Click here to watch the footage of the event on Youtube.

The Lancaster practical drama workshop on ‘Liberty of the Prison’ was held in C Wing and A Wing of the former prison working with A Level students at Lancaster Girls’ Grammar School demonstrating how the prison venue and its history of imprisonment, trial and execution can inform our understanding of Shakespeare’s Hamlet in which Hamlet declares, ‘Denmark’s a prison’ and of Measure for Measure with its paradoxical focus on justice, death, incarceration and freedom.
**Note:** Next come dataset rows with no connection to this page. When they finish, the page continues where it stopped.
lemma theta_term_bounds:
  assumes "0 < \<alpha>" "1/2 \<le> Im \<tau>" "cmod \<tau> \<le> 2"
  shows "\<bar>theta_term \<alpha> n (\<tau>, c)\<bar> \<le> gauss_weight (pi * \<alpha> / 98) (lattice_point n + c)"
    and "\<exists>f'. (theta_term \<alpha> n has_derivative f') (at (\<tau>, c)) \<and>
      (\<forall>h. norm (f' h) \<le> 72 * pi * \<alpha> * gauss_weight (pi * \<alpha> / 98) (lattice_point n + c) * norm h)"
proof -
  define v where "v = lattice_point n + c"
  define W where "W = gauss_weight (pi * \<alpha> / 98) v"
  note weight = exp_theta_exponent_le_gauss_weight[OF assms, of v, folded W_def]
  show "\<bar>theta_term \<alpha> n (\<tau>, c)\<bar> \<le> gauss_weight (pi * \<alpha> / 98) (lattice_point n + c)"
    using weight(2) by (simp add: theta_term_def W_def v_def)
  obtain E' where E': "((\<lambda>z. theta_exponent \<alpha> (fst z) (snd z)) has_derivative E') (at (\<tau>, v))"
    and E'_bound: "\<And>h. \<bar>E' h\<bar> \<le> 72 * pi * \<alpha> * (1 + norm v)\<^sup>2 * norm h"
    using theta_exponent_derivative_bound[OF assms(1-3)] by blast
  have shift: "((\<lambda>z. (fst z, lattice_point n + snd z)) has_derivative (\<lambda>h. h)) (at (\<tau>, c))"
    by (rule has_derivative_eq_rhs, (rule derivative_eq_intros refl)+) simp
  have "((\<lambda>z. theta_exponent \<alpha> (fst z) (snd z)) has_derivative E')
      (at ((\<lambda>z. (fst z, lattice_point n + snd z)) (\<tau>, c)))"
    using E' by (simp add: v_def)
  from has_derivative_compose[OF shift this]
  have "((\<lambda>z. theta_exponent \<alpha> (fst z) (lattice_point n + snd z)) has_derivative E') (at (\<tau>, c))"
    by simp
  from has_derivative_exp[OF this]
  have "(theta_term \<alpha> n has_derivative (\<lambda>h. E' h * exp (theta_exponent \<alpha> \<tau> v))) (at (\<tau>, c))"
    by (simp add: theta_term_def[abs_def] v_def)
  moreover have "\<bar>E' h * exp (theta_exponent \<alpha> \<tau> v)\<bar> \<le> 72 * pi * \<alpha> * W * norm h" for h
  proof -
    have "\<bar>E' h * exp (theta_exponent \<alpha> \<tau> v)\<bar>
        \<le> 72 * pi * \<alpha> * (1 + norm v)\<^sup>2 * norm h * exp (theta_exponent \<alpha> \<tau> v)"
      using mult_right_mono[OF E'_bound[of h] exp_ge_zero] by (simp add: abs_mult)
    also have "\<dots> = 72 * pi * \<alpha> * ((1 + norm v)\<^sup>2 * exp (theta_exponent \<alpha> \<tau> v)) * norm h"
      by (simp add: mult_ac)
    also have "\<dots> \<le> 72 * pi * \<alpha> * W * norm h"
      using weight(1) assms(1) by (intro mult_right_mono mult_left_mono) auto
    finally show ?thesis .
  qed
  ultimately show "\<exists>f'. (theta_term \<alpha> n has_derivative f') (at (\<tau>, c)) \<and>
      (\<forall>h. norm (f' h) \<le> 72 * pi * \<alpha> * gauss_weight (pi * \<alpha> / 98) (lattice_point n + c) * norm h)"
    by (auto simp: W_def v_def)
qed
Parallels between the two plays were drawn by considering the soliloquies of Hamlet on suicide and the speeches of Claudio and the Duke on imminent death; the oppressive atmosphere of Elsinore where all are ‘the observed of all observers’ and the culture of surveillance in Vienna under the Duke’s gaze. As an adjunct to the text-based study, students and teachers were asked to think about parallels with their own immediate experiences: the rigid boundaries imposed by the curriculum and that finding ‘the liberty of the prison’ while working within its prescribed walls is important.

Students in C-Wing

“It helped to emphasise how in our lives there is almost constantly some form of surveillance on or around us and how rarely we think about it”

“The mark scheme leads to bondage to a particular way of thinking and also means your work is always being ‘watched’ to make sure it conforms to it”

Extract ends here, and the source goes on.